La expectativa frente al partido contra Brasil era enorme, llena de ganas y respeto. Si bien el equipo actual tiene más cracks que cohesión, y no logra aún ser el scratch del jogo bonito de antaño, son Brasil y aplastó a un Paraguay digno y corredor. Colombia tenía que ser suficiente, como lo fue en Barranquilla hace meses, cuando los derrotamos 2-1, primera vez en una eliminatoria, con dos goles de Luis Díaz. Repasamos el vídeo de ese partido para llenarnos de esperanza. Sí se les pudo ganar, no era descabellado mantener el invicto y pasar de primeros en el grupo; o inclusive ganar.

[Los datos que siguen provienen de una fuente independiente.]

lemma disjunctive_dual_uninorm:
  assumes "conjunctive_uninorm U"
  shows "disjunctive_uninorm (dual_uninorm U)"
proof -
  have U: "uninorm U" "U 0 1 = 0"
    using assms by (simp_all add: conjunctive_uninorm_def)
  have "U 1 0 = U 0 1"
    by (rule uninorm_commute[OF U(1)]) auto
  then show ?thesis
    using U uninorm_dual_uninorm[OF U(1)] by (simp add: disjunctive_uninorm_def dual_uninorm_def)
qed

lemma iter_dual_uninorm: "iter U f n = 1 - iter (dual_uninorm U) (\<lambda>i. 1 - f i) n"
  by (induction U f n rule: iter.induct) (simp_all add: dual_uninorm_def)

lemma one_minus_drastic_max: "1 - drastic_max a b = drastic_min (1 - a) (1 - b)"
  by (auto simp: drastic_max_def drastic_min_def max_def min_def)

lemma drastic_max_closed: "a \<in> {0..1} \<Longrightarrow> b \<in> {0..1} \<Longrightarrow> drastic_max a b \<in> {0..1}"
  by (auto simp: drastic_max_def max_def min_def)

lemma iter_drastic_max_eq_dual:
  assumes "uninorm U" "n \<ge> 1" "\<tau> ` {1..n} \<subseteq> {1..n}" "x ` {1..n} \<subseteq> {0..1}" "y ` {1..n} \<subseteq> {0..1}"
  shows "iter U (\<lambda>i. drastic_max (x (\<tau> i)) (y i)) n
       = 1 - iter (dual_uninorm U) (\<lambda>k. drastic_min (1 - x (\<tau> (n + 1 - k))) (1 - y (n + 1 - k))) n"
proof -
  have "drastic_max (x (\<tau> i)) (y i) \<in> {0..1}" if "i \<in> {1..n}" for i
    using assms(3-5) that by (intro drastic_max_closed) (auto simp: image_subset_iff)
  then have closed: "(\<lambda>i. drastic_max (x (\<tau> i)) (y i)) ` {1..n} \<subseteq> {0..1}"
    by auto
  have "iter U (\<lambda>i. drastic_max (x (\<tau> i)) (y i)) n
      = iter U (\<lambda>k. drastic_max (x (\<tau> (n + 1 - k))) (y (n + 1 - k))) n"
    using iter_permute[OF assms(1,2) bij_betw_reverse closed] by simp
  also have "\<dots> = 1 - iter (dual_uninorm U) (\<lambda>k. 1 - drastic_max (x (\<tau> (n + 1 - k))) (y (n + 1 - k))) n"
    by (rule iter_dual_uninorm)
  finally show ?thesis
    by (simp add: one_minus_drastic_max)
qed

lemma mono_on_reverse_complement:
  fixes x :: "nat \<Rightarrow> real"
  assumes "mono_on {1..n} x"
  shows "mono_on {1..n} (\<lambda>k. 1 - x (n + 1 - k))"
proof (rule mono_onI)
  fix i j assume "i \<in> {1..n}" "j \<in> {1..n}" "i \<le> j"
  then have "x (n + 1 - j) \<le> x (n + 1 - i)"
    by (intro mono_onD[OF assms]) auto
  then show "1 - x (n + 1 - i) \<le> 1 - x (n + 1 - j)"
    by simp
qed

lemma reverse_complement_closed:
  fixes x :: "nat \<Rightarrow> real"
  assumes "x ` {1..n} \<subseteq> {0..1}"
  shows "(\<lambda>k. 1 - x (n + 1 - k)) ` {1..n} \<subseteq> {0..1}"
proof (rule image_subsetI)
  fix k assume "k \<in> {1..n}"
  then have "n + 1 - k \<in> {1..n}"
    by auto
  then have "x (n + 1 - k) \<in> {0..1}"
    using assms by blast
  then show "1 - x (n + 1 - k) \<in> {0..1}"
    by auto
qed

lemma map_permutation_reverse:
  fixes n :: nat
  assumes "\<sigma> permutes {1..n}" "k \<in> {1..n}"
  shows "n + 1 - map_permutation {1..n} (\<lambda>i. n + 1 - i) \<sigma> k = \<sigma> (n + 1 - k)"
proof -
  have k: "n + 1 - k \<in> {1..n}" "n + 1 - (n + 1 - k) = k"
    using assms(2) by auto
  have "map_permutation {1..n} (\<lambda>i. n + 1 - i) \<sigma> k = n + 1 - \<sigma> (n + 1 - k)"
    using map_permutation_apply[OF bij_betw_imp_inj_on[OF bij_betw_reverse] k(1), of \<sigma>] k(2) by simp
  moreover have "\<sigma> (n + 1 - k) \<in> {1..n}"
    using k(1) by (rule permutes_in_image[OF assms(1), THEN iffD2])
  ultimately show ?thesis
    by simp
qed

text \<open>Reversing and complementing the data, and conjugating the permutation by the reversal,
  turns the dual inequality for \<open>U\<close> into the rearrangement inequality for its dual.\<close>

lemma dual_rearrangement_ineq_if_rearrangement_ineq_dual:
  assumes U: "uninorm U" and dual: "rearrangement_ineq drastic_min (dual_uninorm U)"
  shows "dual_rearrangement_ineq U drastic_max"
  unfolding dual_rearrangement_ineq_def sorted_pair_iff_mono_on unit_interval_pair_iff
proof (intro allI impI, elim conjE)
  fix n :: nat and x y :: "nat \<Rightarrow> real" and \<sigma>
  assume n: "n \<ge> 1" and \<sigma>: "\<sigma> permutes {1..n}"
    and x: "mono_on {1..n} x" "x ` {1..n} \<subseteq> {0..1}" and y: "mono_on {1..n} y" "y ` {1..n} \<subseteq> {0..1}"
  define x' y' \<sigma>' where "x' = (\<lambda>k. 1 - x (n + 1 - k))" and "y' = (\<lambda>k. 1 - y (n + 1 - k))"
    and "\<sigma>' = map_permutation {1..n} (\<lambda>i. n + 1 - i) \<sigma>"
  have "\<sigma>' permutes {1..n}"
    unfolding \<sigma>'_def by (rule map_permutation_permutes[OF bij_betw_reverse \<sigma>])
  moreover have "mono_on {1..n} x'" "mono_on {1..n} y'" "x' ` {1..n} \<subseteq> {0..1}" "y' ` {1..n} \<subseteq> {0..1}"
    unfolding x'_def y'_def
    by (rule mono_on_reverse_complement[OF x(1)] mono_on_reverse_complement[OF y(1)]
        reverse_complement_closed[OF x(2)] reverse_complement_closed[OF y(2)])+
  ultimately have dual_ineq:
    "iter (dual_uninorm U) (\<lambda>i. drastic_min (x' (n + 1 - i)) (y' i)) n
       \<le> iter (dual_uninorm U) (\<lambda>i. drastic_min (x' (\<sigma>' i)) (y' i)) n \<and>
     iter (dual_uninorm U) (\<lambda>i. drastic_min (x' (\<sigma>' i)) (y' i)) n
       \<le> iter (dual_uninorm U) (\<lambda>i. drastic_min (x' i) (y' i)) n"
    using dual[unfolded rearrangement_ineq_def sorted_pair_iff_mono_on unit_interval_pair_iff, rule_format, OF n]
    by blast
  have eq: "iter U (\<lambda>i. drastic_max (x (\<tau> i)) (y i)) n
      = 1 - iter (dual_uninorm U) (\<lambda>k. drastic_min (x' (\<tau>' k)) (y' k)) n"
    if "\<tau> ` {1..n} \<subseteq> {1..n}" "\<And>k. k \<in> {1..n} \<Longrightarrow> n + 1 - \<tau>' k = \<tau> (n + 1 - k)" for \<tau> \<tau>'
  proof -
    have "iter (dual_uninorm U) (\<lambda>k. drastic_min (1 - x (\<tau> (n + 1 - k))) (1 - y (n + 1 - k))) n
        = iter (dual_uninorm U) (\<lambda>k. drastic_min (x' (\<tau>' k)) (y' k)) n"
      using that(2) by (intro iter_cong[OF n]) (simp add: x'_def y'_def)
    then show ?thesis
      using iter_drastic_max_eq_dual[OF U n that(1) x(2) y(2)] by simp
  qed
  have "iter U (\<lambda>i. drastic_max (x (n + 1 - i)) (y i)) n
      = 1 - iter (dual_uninorm U) (\<lambda>k. drastic_min (x' (n + 1 - k)) (y' k)) n"
    by (rule eq[of "\<lambda>i. n + 1 - i" "\<lambda>i. n + 1 - i"]) auto
  moreover have "iter U (\<lambda>i. drastic_max (x (\<sigma> i)) (y i)) n
      = 1 - iter (dual_uninorm U) (\<lambda>k. drastic_min (x' (\<sigma>' k)) (y' k)) n"
    unfolding \<sigma>'_def by (rule eq) (use map_permutation_reverse[OF \<sigma>] permutes_in_image[OF \<sigma>] in auto)
  moreover have "iter U (\<lambda>i. drastic_max (x i) (y i)) n
      = 1 - iter (dual_uninorm U) (\<lambda>k. drastic_min (x' k) (y' k)) n"
    by (rule eq[of "\<lambda>i. i" "\<lambda>i. i"]) auto
  ultimately show "iter U (\<lambda>i. drastic_max (x (\<sigma> i)) (y i)) n
      \<le> iter U (\<lambda>i. drastic_max (x (n + 1 - i)) (y i)) n \<and>
    iter U (\<lambda>i. drastic_max (x i) (y i)) n \<le> iter U (\<lambda>i. drastic_max (x (\<sigma> i)) (y i)) n"
    using dual_ineq by simp
qed

theorem theorem11:
  fixes U :: "real \<Rightarrow> real \<Rightarrow> real"
  shows "(disjunctive_uninorm U \<longrightarrow> rearrangement_ineq drastic_min U) \<and>
         (conjunctive_uninorm U \<longrightarrow> dual_rearrangement_ineq U drastic_max)"
proof (intro conjI impI)
  show "rearrangement_ineq drastic_min U" if "disjunctive_uninorm U"
    using that by (rule rearrangement_ineq_drastic_min)
  show "dual_rearrangement_ineq U drastic_max" if "conjunctive_uninorm U"
  proof (rule dual_rearrangement_ineq_if_rearrangement_ineq_dual)
    show "uninorm U"
      using that by (simp add: conjunctive_uninorm_def)
    show "rearrangement_ineq drastic_min (dual_uninorm U)"
      using disjunctive_dual_uninorm[OF that] by (rule rearrangement_ineq_drastic_min)
  qed
qed

end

Juan Carlos Echeverry con su familia, durante el recorrido.Cortesía

“A Brasil hay que meterle dos goles, para que le valgan uno a Colombia,” sentenció Gregorio una vez terminado el encuentro con empate a un gol. Lo más notable en la tribuna sucedió con un brasileño orgulloso que estaba cerca nuestro. Ante el golazo de Raphina, en un tiro libre impecable por la esquina izquierda, que el portero Vargas no alcanzó a desviar, en una estirada que nos quedó en la retina. Ante el silencio que cayó sobre la hinchada colombiana, el brasileño optó por mostrar con arrogancia las cinco estrellas del pentacampeón que llevaba en su pecho y abrir soberbiamente los cinco dedos de la otra mano. Nos tragamos el insulto. Pero él tuvo que tragarse una avalancha de manos acusadoras y gritos por el gol de cabeza de Davinson Sánchez. Qué gritería y sed de revancha se apoderó de los que estaban al lado suyo. El gol fue anulado.

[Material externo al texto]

lemma bilinear_map_phi_contract:
  "bilinear_map B \<Longrightarrow> bilinear_map (\<lambda>a b. phi_contract (\<lambda>c d. B (a * c) (b * d)) w)"
  unfolding bilinear_map_def phi_contract_def lin_ext_def
  by (simp add: distrib_right scale_mult_left[symmetric] scale_right_distrib sum.distrib
      scale_sum_right mult.commute)

text \<open>x in H and w in H_R (x) H_R are compatible if Delta x = (phi_L (x) phi_L) w, tested
  against all bilinear maps.\<close>
definition compatible :: "'h \<Rightarrow> (forest \<times> forest \<Rightarrow>\<^sub>0 'k) \<Rightarrow> bool" where
  "compatible x w \<longleftrightarrow> (\<forall>B. bilinear_map B \<longrightarrow> contract B (\<Delta> x) = phi_contract B w)"

lemma compatible_one: "compatible 1 1"
  unfolding compatible_def
  using contract_teq[OF _ Delta_one]
  by (simp add: contract_single phi_contract_single flip: single_one)

lemma compatible_mult:
  assumes x: "compatible x u" and y: "compatible y w"
  shows "compatible (x * y) (u * w)"
  unfolding compatible_def
proof (intro allI impI)
  fix B assume B: "bilinear_map B"
  define C where "C = (\<lambda>a b. phi_contract (\<lambda>c d. B (a * c) (b * d)) w)"
  have y_shifted: "contract (\<lambda>c d. B (a * c) (b * d)) (\<Delta> y) = C a b" for a b
    using y bilinear_map_mult[OF B] by (simp add: compatible_def C_def)
  have "contract B (\<Delta> (x * y)) = contract B (tmult (\<Delta> x) (\<Delta> y))"
    by (rule contract_teq[OF B Delta_mult])
  also have "\<dots> = (\<Sum>xs\<in>Poly_Mapping.keys (\<Delta> x). sc (Poly_Mapping.lookup (\<Delta> x) xs)
       (contract (\<lambda>c d. B (xs!0 * c) (xs!1 * d)) (\<Delta> y)))"
    by (simp add: contract_tmult contract_Delta scale_sum_right)
  also have "\<dots> = contract C (\<Delta> x)"
    unfolding y_shifted by (rule contract_Delta[symmetric])
  also have "\<dots> = phi_contract C u"
    using x bilinear_map_phi_contract[OF B] by (simp add: compatible_def C_def)
  also have "\<dots> = phi_contract B (u * w)"
    unfolding times_poly_mapping_expand phi_contract_sum phi_contract_single C_def
    by (simp add: phi_contract_def lin_ext_def scale_sum_right phiF_union)
  finally show "contract B (\<Delta> (x * y)) = phi_contract B (u * w)" .
qed

lemma compatible_forestI:
  "\<forall>t\<in>#f. compatible (phiT L t) (DeltaT t) \<Longrightarrow>
     compatible (phiF L f) (prod_mset (image_mset DeltaT f))"
  by (induction f) (simp_all add: compatible_one compatible_mult phiF_add_mset)

text \<open>The cocycle property of L makes compatibility pass from a forest to its grafting.\<close>
lemma compatible_Node:
  assumes "compatible (phiF L ts) w"
  shows "compatible (phiT L (Node ts)) (Poly_Mapping.single ({#Node ts#}, {#}) 1 + id_tensor_Bplus w)"
  unfolding compatible_def
proof (intro allI impI)
  fix B assume B: "bilinear_map B"
  let ?x = "phiF L ts"
  have "contract B (\<Delta> (phiT L (Node ts))) = contract B (\<Delta> (L ?x))"
    by (simp add: phiF_def)
  also have "\<dots> = contract (\<lambda>a b. B a (L b)) (\<Delta> ?x) + B (L ?x) 1"
    using contract_teq[OF B L_cocycle] by (simp add: contract_add contract_single contract_tapply_L)
  also have "\<dots> = phi_contract (\<lambda>a b. B a (L b)) w + B (L ?x) 1"
    using assms bilinear_map_L[OF B] by (simp add: compatible_def)
  also have "\<dots> = phi_contract B (Poly_Mapping.single ({#Node ts#}, {#}) 1 + id_tensor_Bplus w)"
    by (simp add: phi_contract_add phi_contract_single id_tensor_Bplus_def phi_contract_sum phiF_Node
        add.commute) (simp add: phi_contract_def lin_ext_def)
  finally show "contract B (\<Delta> (phiT L (Node ts))) = phi_contract B (Poly_Mapping.single ({#Node ts#}, {#}) 1 + id_tensor_Bplus w)" .
qed

lemma compatible_tree: "compatible (phiT L t) (DeltaT t)"
proof (induction t)
  case (Node ts)
  then show ?case
    using compatible_Node[OF compatible_forestI] by simp
qed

Nos tragamos la derrota muchos minutos más, hasta antes del final del primer tiempo, cuando Daniel Muñoz hizo templar la red que defendía el portero Alisson. Gritamos, nos abrazamos, regamos agua, chocamos puños con extraños, besamos a la esposa y fuimos entrañables por un minuto maravilloso. De nuevo en nuestra tribuna apabullaron al de las cinco estrellas. Poco después se fue y nunca volvió.

Ancelotti dice que al nombrar a un líder se debe preguntar para qué lo traen al equipo: si para mantener una cultura o para crear una nueva cultura. “La cultura come estrategia al desayuno”, escribe. Sin la cultura correcta, el equipo no funciona. El técnico Lorenzo, imagino, fue traído para revivir y mantener una cultura de juego técnico, mística y buena preparación física que viene desde Pacho Maturana, y que alcanzó un nivel superior bajo Pekerman.

Allí, en el segundo tiempo afanoso y los últimos cinco minutos de espanto contra Brasil terminó la parte de ida de nuestro viaje a acompañar a la Selección Colombia. Algunas estrellas aguantan banca y otras corren, pasan con exactitud científica y tocan con arte, atacan y fulminan, o defienden como gatos paras arriba. Qué dicha nos han dado en estos catorce días de carretera y expectativas. Qué imborrables recuerdos nos dieron esos 9.619 kilómetros de fútbol.

Al regreso, cruzamos Estados Unidos de oeste a este, justo por el medio del país, y seguimos viendo por celular partidos de las copas América y Euro. El mejor anuncio de la carretera lo vimos en Nebraska: “Área de prisión, prohibido recoger personas haciendo autoestop.”

Ya en casa, vimos por televisión el partido con Uruguay. Los uruguayos consideran que Colombia se volvió su verdugo, desde el 2-0 en el Maracaná en el mundial de Brasil en 2014. Con tremendo sufrimiento repetimos la gesta en esta ocasión, con el 1-0 defendido por diez titanes, y la inteligencia del cuerpo técnico con los cambios.

Es la primera vez que hacemos un viaje tan largo siguiendo al fútbol, y ya empezamos a pensar en el mundial del 2026, momento en que ojalá recuperemos el sosiego en Colombia y mantengamos la esperanza en la Sele y en el futuro. ¡Vamos Colombia por esta Copa América 2024!